As the Corona virus continues to spread rapidly throughout the world, we are beginning to see and worry about a scarcity of medical resources. This means that doctors and hospitals are having to address the very difficult question of who should be saved in the case of scarcity? The scary result of this is the apparent willingness to sacrifice both disabled and elderly people. We are the people who will die, not from corona, but from ableism.
Already, in some countries such as Italy, the sheer number of people needing emergency care has massively overpowered the infrastructure available, so triage guidelines have been developed, ostensibly to maximise the amount of lives saved. In these guidelines, age and general health have to be taken into account when assigning ventilators and deciding which people deserve to be saved. This means that a healthy 20-year-old will be saved over a disabled 20-year-old, or over anyone above the age of 65 years old. So even if you, as a disabled or elderly person, have stayed inside, self-isolated and done everything to prevent getting sick or spreading the virus, you will still end up being considered insufficiently valuable to be saved, whilst others, even if they have refused to stay at home and have therefore put themselves at risk, will be saved above you. Because their life is deemed more valuable. It is important to note here, that there is very little research to support the idea that strategies that assign resources to the youngest and healthiest people first, actually save more lives than a less biased, more randomised strategy.

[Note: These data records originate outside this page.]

(* The energy spectral density $S_\Omega(z)=\sum_{l=-\infty}^{\infty}r(l)z^{-l}$ of the channel uncertainty satisfies $$S_\Omega(z)=\frac12\sum_{i_1,i_2=0}^{\bar\tau}\big(\alpha_{i_1}z^{i_1}-\alpha_{i_2}z^{i_2}\big)\big(\alpha_{i_1}z^{-i_1}-\alpha_{i_2}z^{-i_2}\big)p_{i_1}p_{i_2}.$$
   Context: Fix an integer $\bar\tau\ge1$, let $\mathcal{D}=\{0,\dots,\bar\tau\}$, and fix real weights $\alpha_0,\dots,\alpha_{\bar\tau}$. Let $\{\tau_n\}$ be i.i.d. $\mathcal{D}$-valued random variables with $\Pr\{\tau_n=i\}=p_i$, where $\sum_ip_i=1$. Let $\delta$ be the Kronecker delta. Define $\omega(k,n)=\alpha_i[\delta(\tau_n-i)-p_i]$ if $k=n+i$ with $i\in\mathcal{D}$, and $\omega(k,n)=0$ otherwise. For a fixed index $n$, define the autocorrelation $$r(l)=\mathbb{E}\Big\{\sum_{k=-\infty}^{\infty}\omega(k,n)\omega(k+l,n)\Big\},\qquad l\in\mathbb{Z}.$$ It does not depend on $n$. *)

theory Defs
  imports "HOL-Probability.Probability"
begin

definition kdelta :: "int \<Rightarrow> real" where
  "kdelta x = (if x = 0 then 1 else 0)"

text \<open>omega(k,n) given the realised value t of tau_n:
  alpha_i [delta(t - i) - p_i] if k = n + i with i in {0..taubar}, else 0.\<close>
definition omega :: "(nat \<Rightarrow> real) \<Rightarrow> (nat \<Rightarrow> real) \<Rightarrow> nat \<Rightarrow> nat \<Rightarrow> int \<Rightarrow> int \<Rightarrow> real" where
  "omega \<alpha> p taubar t k n =
     (if n \<le> k \<and> k - n \<le> int taubar
      then \<alpha> (nat (k - n)) * (kdelta (int t - (k - n)) - p (nat (k - n)))
      else 0)"

definition autocorr :: "(nat \<Rightarrow> real) \<Rightarrow> nat pmf \<Rightarrow> nat \<Rightarrow> int \<Rightarrow> int \<Rightarrow> real" where
  "autocorr \<alpha> P taubar n l =
     measure_pmf.expectation P
       (\<lambda>t. \<Sum>\<^sub>\<infinity>k\<in>(UNIV::int set).
              omega \<alpha> (pmf P) taubar t k n * omega \<alpha> (pmf P) taubar t (k + l) n)"

definition esd :: "(nat \<Rightarrow> real) \<Rightarrow> nat pmf \<Rightarrow> nat \<Rightarrow> int \<Rightarrow> complex \<Rightarrow> complex" where
  "esd \<alpha> P taubar n z =
     (\<Sum>\<^sub>\<infinity>l\<in>(UNIV::int set). complex_of_real (autocorr \<alpha> P taubar n l) * z powi (- l))"

end

theory Submission
  imports Defs
begin

(* Given tau_n = t, the sequence k \<mapsto> omega(k,n) is the finite sequence
   w_t(i) = alpha_i (delta(t - i) - p_i) placed at k = n + i.  The z-transform of the
   autocorrelation of a finite sequence w is W(z) W(1/z) with W(z) = sum_i w(i) z^i, and here
   W_t(z) = alpha_t z^t - E[alpha_tau z^tau].  Averaging over t, S(z) is therefore the
   covariance of A = alpha_tau z^tau and B = alpha_tau z^(-tau), and a covariance equals
   1/2 E[(A - A')(B - B')] for an independent copy (A', B'). *)

lemma infsum_eq_sum_if_vanishes_outside:
  fixes f :: "'a \<Rightarrow> 'b::{topological_comm_monoid_add, t2_space}"
  assumes "finite B" "B \<subseteq> A" "\<And>x. x \<in> A - B \<Longrightarrow> f x = 0"
  shows "infsum f A = sum f B"
  by (intro infsumI has_sum_finite_neutralI) (use assms in auto)

lemma has_sum_sum:
  fixes f :: "'i \<Rightarrow> 'a \<Rightarrow> 'b::topological_comm_monoid_add"
  assumes "finite I" "\<And>i. i \<in> I \<Longrightarrow> (f i has_sum s i) A"
  shows "((\<lambda>x. \<Sum>i\<in>I. f i x) has_sum (\<Sum>i\<in>I. s i)) A"
  using assms by (induction I rule: finite_induct) (auto intro: has_sum_add)

lemma has_sum_z_transform_autocorrelation:
  fixes x :: "int \<Rightarrow> real" and z :: complex
  assumes "finite S" and "\<And>k. k \<notin> S \<Longrightarrow> x k = 0"
  shows "((\<lambda>l. of_real (\<Sum>\<^sub>\<infinity>k. x k * x (k + l)) * z powi (- l)) has_sum
           (\<Sum>k\<in>S. \<Sum>j\<in>S. of_real (x k * x j) * z powi (k - j))) UNIV"
proof -
  have shifted: "((\<lambda>l. of_real (x k * x (k + l)) * z powi (- l)) has_sum
                  (\<Sum>j\<in>S. of_real (x k * x j) * z powi (k - j))) UNIV" for k
  proof -
    let ?g = "\<lambda>j. of_real (x k * x j) * z powi (k - j)"
    have "(?g has_sum (\<Sum>j\<in>S. ?g j)) UNIV"
      by (rule has_sum_finite_neutralI) (use assms in auto)
    moreover have "bij_betw (\<lambda>l. k + l) UNIV UNIV"
      by (rule bij_betwI[where g = "\<lambda>j. j - k"]) auto
    ultimately show ?thesis
      using has_sum_reindex_bij_betw[of "\<lambda>l. k + l" UNIV UNIV ?g] by simp
  qed
  have "of_real (\<Sum>\<^sub>\<infinity>k. x k * x (k + l)) * z powi (- l)
        = (\<Sum>k\<in>S. of_real (x k * x (k + l)) * z powi (- l))" for l
    by (subst infsum_eq_sum_if_vanishes_outside[of S]) (use assms in \<open>auto simp: sum_distrib_right\<close>)
  then show ?thesis
    using has_sum_sum[OF assms(1) shifted] by simp
qed

lemma sum_centered_products_eq_half_pairwise:
  fixes a b q :: "'i \<Rightarrow> 'a::field_char_0"
  assumes "sum q D = 1"
  shows "(\<Sum>t\<in>D. q t * ((a t - (\<Sum>i\<in>D. q i * a i)) * (b t - (\<Sum>i\<in>D. q i * b i))))
    = 1/2 * (\<Sum>i\<in>D. \<Sum>j\<in>D. (a i - a j) * (b i - b j) * q i * q j)"
proof -
  let ?A = "\<Sum>i\<in>D. q i * a i" and ?B = "\<Sum>i\<in>D. q i * b i"
    and ?AB = "\<Sum>i\<in>D. q i * a i * b i"
  have "(\<Sum>t\<in>D. q t * ((a t - ?A) * (b t - ?B)))
      = (\<Sum>t\<in>D. q t * a t * b t - q t * a t * ?B - ?A * (q t * b t) + ?A * ?B * q t)"
    by (rule sum.cong) (simp_all add: algebra_simps)
  also have "\<dots> = ?AB - ?A * ?B"
    using assms by (simp add: sum.distrib sum_subtractf flip: sum_distrib_left sum_distrib_right)
  finally have centered: "(\<Sum>t\<in>D. q t * ((a t - ?A) * (b t - ?B))) = ?AB - ?A * ?B" .
  have "(\<Sum>i\<in>D. \<Sum>j\<in>D. (a i - a j) * (b i - b j) * q i * q j)
      = (\<Sum>i\<in>D. \<Sum>j\<in>D. q i * a i * b i * q j) - (\<Sum>i\<in>D. \<Sum>j\<in>D. q i * a i * (q j * b j))
        - (\<Sum>i\<in>D. \<Sum>j\<in>D. q i * b i * (q j * a j)) + (\<Sum>i\<in>D. \<Sum>j\<in>D. q i * (q j * a j * b j))"
    by (simp add: algebra_simps sum.distrib sum_subtractf)
  also have "\<dots> = ?AB * sum q D - ?A * ?B - ?B * ?A + sum q D * ?AB"
    by (simp add: sum_product)
  also have "\<dots> = 2 * (?AB - ?A * ?B)"
    using assms by (simp add: algebra_simps)
  finally show ?thesis
    using centered by simp
qed

definition omega_tap :: "(nat \<Rightarrow> real) \<Rightarrow> (nat \<Rightarrow> real) \<Rightarrow> nat \<Rightarrow> nat \<Rightarrow> real" where
  "omega_tap \<alpha> p t i = \<alpha> i * (kdelta (int t - int i) - p i)"

lemma omega_shift_eq_omega_tap: "i \<le> T \<Longrightarrow> omega \<alpha> p T t (n + int i) n = omega_tap \<alpha> p t i"
  by (simp add: omega_def omega_tap_def)

lemma omega_eq_0_outside_window:
  assumes "k \<notin> (\<lambda>i. n + int i) ` {0..T}"
  shows "omega \<alpha> p T t k n = 0"
proof -
  have "\<not> (n \<le> k \<and> k - n \<le> int T)"
  proof
    assume "n \<le> k \<and> k - n \<le> int T"
    then have "k = n + int (nat (k - n))" and "nat (k - n) \<in> {0..T}"
      by auto
    with assms show False
      by blast
  qed
  then show ?thesis
    by (auto simp: omega_def)
qed

lemma sum_omega_tap:
  fixes e :: "nat \<Rightarrow> complex"
  assumes "t \<le> T"
  shows "(\<Sum>i\<in>{0..T}. of_real (omega_tap \<alpha> p t i) * e i)
    = of_real (\<alpha> t) * e t - (\<Sum>i\<in>{0..T}. of_real (p i) * (of_real (\<alpha> i) * e i))"
proof -
  have "(\<Sum>i\<in>{0..T}. of_real (omega_tap \<alpha> p t i) * e i)
      = (\<Sum>i\<in>{0..T}. (if i = t then of_real (\<alpha> i) * e i else 0) - of_real (p i) * (of_real (\<alpha> i) * e i))"
    by (rule sum.cong) (auto simp: omega_tap_def kdelta_def algebra_simps)
  also have "\<dots> = of_real (\<alpha> t) * e t - (\<Sum>i\<in>{0..T}. of_real (p i) * (of_real (\<alpha> i) * e i))"
    using assms by (simp add: sum_subtractf)
  finally show ?thesis .
qed

lemma has_sum_z_transform_omega_autocorrelation:
  fixes z :: complex
  assumes "z \<noteq> 0"
  shows "((\<lambda>l. of_real (\<Sum>\<^sub>\<infinity>k. omega \<alpha> p T t k n * omega \<alpha> p T t (k + l) n) * z powi (- l)) has_sum
          (\<Sum>i\<in>{0..T}. of_real (omega_tap \<alpha> p t i) * z ^ i)
        * (\<Sum>j\<in>{0..T}. of_real (omega_tap \<alpha> p t j) * z powi (- int j))) UNIV"
proof -
  let ?S = "(\<lambda>i. n + int i) ` {0..T}" and ?x = "\<lambda>k. omega \<alpha> p T t k n"
  have "inj_on (\<lambda>i. n + int i) {0..T}"
    by (simp add: inj_on_def)
  then have "(\<Sum>k\<in>?S. \<Sum>j\<in>?S. of_real (?x k * ?x j) * z powi (k - j))
      = (\<Sum>i\<in>{0..T}. \<Sum>j\<in>{0..T}.
           of_real (omega_tap \<alpha> p t i * omega_tap \<alpha> p t j) * z powi (int i - int j))"
    by (simp add: sum.reindex omega_shift_eq_omega_tap)
  also have "\<dots> = (\<Sum>i\<in>{0..T}. of_real (omega_tap \<alpha> p t i) * z ^ i)
                 * (\<Sum>j\<in>{0..T}. of_real (omega_tap \<alpha> p t j) * z powi (- int j))"
    using assms by (simp add: sum_product power_int_diff power_int_minus divide_inverse mult_ac)
  finally show ?thesis
    using has_sum_z_transform_autocorrelation[of ?S ?x z] omega_eq_0_outside_window by simp
qed

lemma esd_eq_sum_centered_products:
  fixes z :: complex
  assumes P: "set_pmf P \<subseteq> {0..T}" and "z \<noteq> 0"
  shows "esd \<alpha> P T n z = (\<Sum>t\<in>{0..T}. of_real (pmf P t) *
      ((of_real (\<alpha> t) * z ^ t - (\<Sum>i\<in>{0..T}. of_real (pmf P i) * (of_real (\<alpha> i) * z ^ i)))
     * (of_real (\<alpha> t) * z powi (- int t)
         - (\<Sum>i\<in>{0..T}. of_real (pmf P i) * (of_real (\<alpha> i) * z powi (- int i))))))"
    (is "_ = ?centered")
proof -
  let ?r = "\<lambda>t l. \<Sum>\<^sub>\<infinity>k. omega \<alpha> (pmf P) T t k n * omega \<alpha> (pmf P) T t (k + l) n"
    and ?W = "\<lambda>t e. \<Sum>i\<in>{0..T}. of_real (omega_tap \<alpha> (pmf P) t i) * e i"
  have autocorr: "autocorr \<alpha> P T n l = (\<Sum>t\<in>{0..T}. ?r t l * pmf P t)" for l
    unfolding autocorr_def by (rule integral_measure_pmf_real) (use P in auto)
  have "((\<lambda>l. \<Sum>t\<in>{0..T}. of_real (pmf P t) * (of_real (?r t l) * z powi (- l))) has_sum
         (\<Sum>t\<in>{0..T}. of_real (pmf P t) * (?W t (power z) * ?W t (\<lambda>j. z powi (- int j))))) UNIV"
    by (intro has_sum_sum has_sum_cmult_right has_sum_z_transform_omega_autocorrelation assms) simp
  then have "esd \<alpha> P T n z
      = (\<Sum>t\<in>{0..T}. of_real (pmf P t) * (?W t (power z) * ?W t (\<lambda>j. z powi (- int j))))"
    unfolding esd_def autocorr by (intro infsumI) (simp add: sum_distrib_left sum_distrib_right mult_ac)
  also have "\<dots> = ?centered"
    by (intro sum.cong refl) (simp add: sum_omega_tap)
  finally show ?thesis .
qed

theorem lemma3p2:
  fixes \<alpha> :: "nat \<Rightarrow> real" and P :: "nat pmf" and taubar :: nat and n :: int and z :: complex
  assumes "taubar \<ge> 1"
    and "set_pmf P \<subseteq> {0..taubar}"
    and "z \<noteq> 0"
  shows "esd \<alpha> P taubar n z =
    (1/2) * (\<Sum>i1\<in>{0..taubar}. \<Sum>i2\<in>{0..taubar}.
       (complex_of_real (\<alpha> i1) * z ^ i1 - complex_of_real (\<alpha> i2) * z ^ i2)
     * (complex_of_real (\<alpha> i1) * z powi (- int i1) - complex_of_real (\<alpha> i2) * z powi (- int i2))
     * complex_of_real (pmf P i1) * complex_of_real (pmf P i2))"
proof -
  have "(\<Sum>i\<in>{0..taubar}. complex_of_real (pmf P i)) = 1"
    using sum_pmf_eq_1[OF _ assms(2)] by (metis finite_atLeastAtMost of_real_1 of_real_sum)
  then show ?thesis
    unfolding esd_eq_sum_centered_products[OF assms(2,3)]
    by (rule sum_centered_products_eq_half_pairwise)
qed

end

Yet many hospitals already have these guidelines in place. In the Netherlands they have three phases, the third of which is the crisis phase, where terminally ill, elderly people, people with a lower life expectancy, and also those who require assistance and care inside and out of their homes, have lower priority on beds and equipment in ICUs. In the US, on top of this, some hospitals are now confiscating privately-owned ventilators from disabled people who use them to stay alive, in order to save healthy, young people. Similarly, many people with lupus in the US are no longer allowed to receive their medication because there is some evidence that it helps with corona. They have therefore been thanked for their sacrifice and been refused prescriptions, which are being used to save healthy patients with corona. These are just some examples of this legislation in action, but if you look throughout Europe and the US it is very easy to see the same guidelines being formed or already in place.
In news coverage and protocols around the world, it seems that this view is considered by many to be the logical response to such a crisis. In fact, some people have gone as far as claiming that killing off dependants would be good for the economy. For example, Jeremy Warner, writing for the UK Telegraph, said ‘from an entirely disinterested economic perspective, the COVID-19 might even prove mildly beneficial in the long term by disproportionately culling elderly dependents.’ This sentiment and lack of care about both the elderly and disabled has been echoed throughout media and across social media ever since the Corona crisis started. It started with the main message that we don’t need to worry because only those with existing conditions or those who are elderly will die from this illness. Which is only comforting if you do not place any value on these people’s lives, and of course is only aimed at a healthy public so is not very comforting for those of us who are more likely to die. This message has only worsened as media and social media have now moved into discussing the fact that disabled and elderly people should be the last to have access to medical resources.
But, actually, as a disabled person, in an online community of disabled people, many of us are not surprised by this legislation and how quick people are to sacrifice disabled and elderly people to save healthy individuals. For years there has been relentless villainising of disabled people in the media and by governments across Europe. In the UK, they have been described as lazy, good for nothing, fraudulent benefit claimants, made out to seem like they over-exaggerate or simply make up claims of disability or chronic illness for years. This has happened in order to justify a consistently lower sum of disability benefit to an ever-smaller group of people, an ideological austerity measure. And this relentless targeting has had serious effects: in the UK, 75% of those with disabilities who appeal the denial of their benefits, end up winning, which shows how little belief there is in disabled and chronically ill people, even by the system supposedly there to support them. This campaign to discredit disabled people means that we, as a community, know how little we are valued, and therefore were expecting, come a pandemic, that we were the group of people who would be sacrificed.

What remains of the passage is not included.